If you are applying to a City law firm, there is a good chance you will sit the Watson Glaser test before anyone reads your cover letter. It is the most widely used critical thinking test in legal recruitment, and for many firms it is an early, hard filter. The encouraging part is that it rewards preparation more than almost anything else in the process, because most of what it catches is people who do not yet know what each question is really asking.

The Watson Glaser Critical Thinking Appraisal measures how well you reason with evidence: whether you can separate what a passage proves from what it merely suggests, spot hidden assumptions, and judge the strength of an argument. Firms use it because that is exactly the skill a trainee solicitor needs, and because it is very hard to fake.
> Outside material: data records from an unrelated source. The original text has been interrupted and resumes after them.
(* Let $r, s \ge 5$ be integers. Then the graph $P_r \,\square\, P_s$ has a unique $\mathrm{gp_e}$-set, i.e., there is exactly one edge general position set of $P_r \,\square\, P_s$ of cardinality $\mathrm{gp_e}(P_r \,\square\, P_s)$.
   Context: $P_n$ denotes the path on $n$ vertices. The Cartesian product $G \,\square\, H$ has vertex set $V(G)\times V(H)$, with $(g,h)$ adjacent to $(g',h')$ iff either $gg' \in E(G)$ and $h = h'$, or $g = g'$ and $hh' \in E(H)$. A set $S$ of edges of a graph $G$ is an edge general position set if no geodesic (shortest path) of $G$ contains three edges of $S$; $\mathrm{gp_e}(G)$ is the maximum cardinality of an edge general position set of $G$, and an edge general position set of maximum cardinality is called a $\mathrm{gp_e}$-set. *)

theory Defs
  imports Main
begin

text \<open>A (simple, undirected) graph is given by a vertex set V and a symmetric
  adjacency relation E; only adjacencies between vertices of V matter.\<close>

definition path_V :: "nat \<Rightarrow> nat set" where
  "path_V n = {0..<n}"

definition path_adj :: "nat \<Rightarrow> nat \<Rightarrow> bool" where
  "path_adj i j \<longleftrightarrow> (i + 1 = j \<or> j + 1 = i)"

definition cart_V :: "'a set \<Rightarrow> 'b set \<Rightarrow> ('a \<times> 'b) set" where
  "cart_V VG VH = VG \<times> VH"

definition cart_adj :: "('a \<Rightarrow> 'a \<Rightarrow> bool) \<Rightarrow> ('b \<Rightarrow> 'b \<Rightarrow> bool)
    \<Rightarrow> ('a \<times> 'b) \<Rightarrow> ('a \<times> 'b) \<Rightarrow> bool" where
  "cart_adj EG EH x y \<longleftrightarrow>
     (EG (fst x) (fst y) \<and> snd x = snd y) \<or> (fst x = fst y \<and> EH (snd x) (snd y))"

definition graph_edges :: "'a set \<Rightarrow> ('a \<Rightarrow> 'a \<Rightarrow> bool) \<Rightarrow> 'a set set" where
  "graph_edges V E = {{u, v} | u v. u \<in> V \<and> v \<in> V \<and> E u v}"

definition walk :: "'a set \<Rightarrow> ('a \<Rightarrow> 'a \<Rightarrow> bool) \<Rightarrow> 'a list \<Rightarrow> bool" where
  "walk V E xs \<longleftrightarrow> xs \<noteq> [] \<and> set xs \<subseteq> V \<and>
     (\<forall>i. Suc i < length xs \<longrightarrow> E (xs ! i) (xs ! Suc i))"

definition geodesic :: "'a set \<Rightarrow> ('a \<Rightarrow> 'a \<Rightarrow> bool) \<Rightarrow> 'a list \<Rightarrow> bool" where
  "geodesic V E xs \<longleftrightarrow> walk V E xs \<and>
     (\<forall>ys. walk V E ys \<and> hd ys = hd xs \<and> last ys = last xs \<longrightarrow> length xs \<le> length ys)"

definition walk_edges :: "'a list \<Rightarrow> 'a set set" where
  "walk_edges xs = {{xs ! i, xs ! Suc i} | i. Suc i < length xs}"

definition edge_gp_set :: "'a set \<Rightarrow> ('a \<Rightarrow> 'a \<Rightarrow> bool) \<Rightarrow> 'a set set \<Rightarrow> bool" where
  "edge_gp_set V E S \<longleftrightarrow> S \<subseteq> graph_edges V E \<and>
     (\<forall>xs. geodesic V E xs \<longrightarrow> card (S \<inter> walk_edges xs) < 3)"

definition gpe :: "'a set \<Rightarrow> ('a \<Rightarrow> 'a \<Rightarrow> bool) \<Rightarrow> nat" where
  "gpe V E = Max {card S | S. edge_gp_set V E S}"

definition gpe_set :: "'a set \<Rightarrow> ('a \<Rightarrow> 'a \<Rightarrow> bool) \<Rightarrow> 'a set set \<Rightarrow> bool" where
  "gpe_set V E S \<longleftrightarrow> edge_gp_set V E S \<and> card S = gpe V E"

end

theory Submission
  imports Defs
begin

text \<open>
  In the grid P_r \<box> P_s the distance is the Manhattan distance, so the geodesics are exactly the
  walks whose length is the Manhattan distance of their ends; along a geodesic both coordinates
  change monotonically.

  Let S be an edge general position set, let a(y) count its edges in row y and L its edges in the
  two border columns. Row y together with the lower part of one border column and the upper part
  of the other lies on a geodesic, and so does the mirror image; hence 2 a(y) + L \<le> 4, and
  symmetrically for columns. Summing over the s - 2 inner rows and the r - 2 inner columns gives
  |S| \<le> 2(r - 2) + 2(s - 2) as soon as r, s \<ge> 5, with equality only if the border lines carry no
  edge of S and every inner line carries exactly two. In that case the two edges of an inner row
  are its first and its last edge: otherwise a geodesic running along the row and turning into a
  neighbouring inner column would contain three edges of S.

  Conversely, these ``spokes'' are in general position: a geodesic crosses the gap between two
  adjacent columns (or rows) at most once, so it contains at most one spoke of each side of the
  boundary, and it cannot visit three sides, since none of three such vertices lies between the
  other two.
\<close>


section \<open>Walks\<close>

lemma walk_iff_successively:
  "walk V E xs \<longleftrightarrow> xs \<noteq> [] \<and> set xs \<subseteq> V \<and> successively E xs"
  unfolding walk_def successively_conv_nth by blast

lemma walk_append:
  assumes "walk V E xs" "walk V E ys" "last xs = hd ys"
  shows "walk V E (butlast xs @ ys)"
proof -
  have "butlast xs @ [hd ys] = xs"
    using assms(1,3) unfolding walk_def by (metis append_butlast_last_id)
  then have "successively E (butlast xs @ [hd ys])"
    using assms(1) by (simp add: walk_iff_successively)
  then show ?thesis
    using assms(1,2) in_set_butlastD
    by (fastforce simp: walk_iff_successively successively_append_iff successively_Cons)
qed

lemma walk_rev:
  assumes "walk V E xs" "\<And>u v. E u v \<Longrightarrow> E v u"
  shows "walk V E (rev xs)"
  using assms by (auto simp: walk_iff_successively elim: successively_mono)

lemma walk_edges_eq_image: "walk_edges xs = (\<lambda>i. {xs ! i, xs ! Suc i}) ` {i. Suc i < length xs}"
  unfolding walk_edges_def by blast

lemma finite_walk_edges: "finite (walk_edges xs)"
  unfolding walk_edges_eq_image by (rule finite_imageI, rule finite_subset[of _ "{..<length xs}"]) auto

lemma walk_edges_subset_set: "e \<in> walk_edges xs \<Longrightarrow> e \<subseteq> set xs"
  unfolding walk_edges_def by auto

lemma walk_edges_append_left: "walk_edges xs \<subseteq> walk_edges (xs @ ys)"
proof
  fix e assume "e \<in> walk_edges xs"
  then obtain i where "Suc i < length xs" "e = {xs ! i, xs ! Suc i}"
    unfolding walk_edges_def by blast
  then show "e \<in> walk_edges (xs @ ys)"
    unfolding walk_edges_def by (intro CollectI exI[of _ i]) (simp add: nth_append)
qed

lemma walk_edges_append_right: "walk_edges ys \<subseteq> walk_edges (xs @ ys)"
proof
  fix e assume "e \<in> walk_edges ys"
  then obtain i where "Suc i < length ys" "e = {ys ! i, ys ! Suc i}"
    unfolding walk_edges_def by blast
  then show "e \<in> walk_edges (xs @ ys)"
    unfolding walk_edges_def
    by (intro CollectI exI[of _ "length xs + i"]) (simp add: nth_append)
qed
Which firms use the Watson Glaser

The test is closely associated with law. Many of the largest commercial firms use it or a test in the same critical-thinking style at the application or assessment-centre stage. It is common across the Magic Circle and other City and US firms in London, and it also appears in some graduate schemes outside law.

The exact number of questions and the time limit vary by version and employer. A common format is around 40 questions in roughly 30 minutes, though some firms run untimed or differently timed versions. What does not change is the five-section structure, so that is what you should practise.

Practise the Watson Glaser format free, with original questions and a worked explanation for every answer.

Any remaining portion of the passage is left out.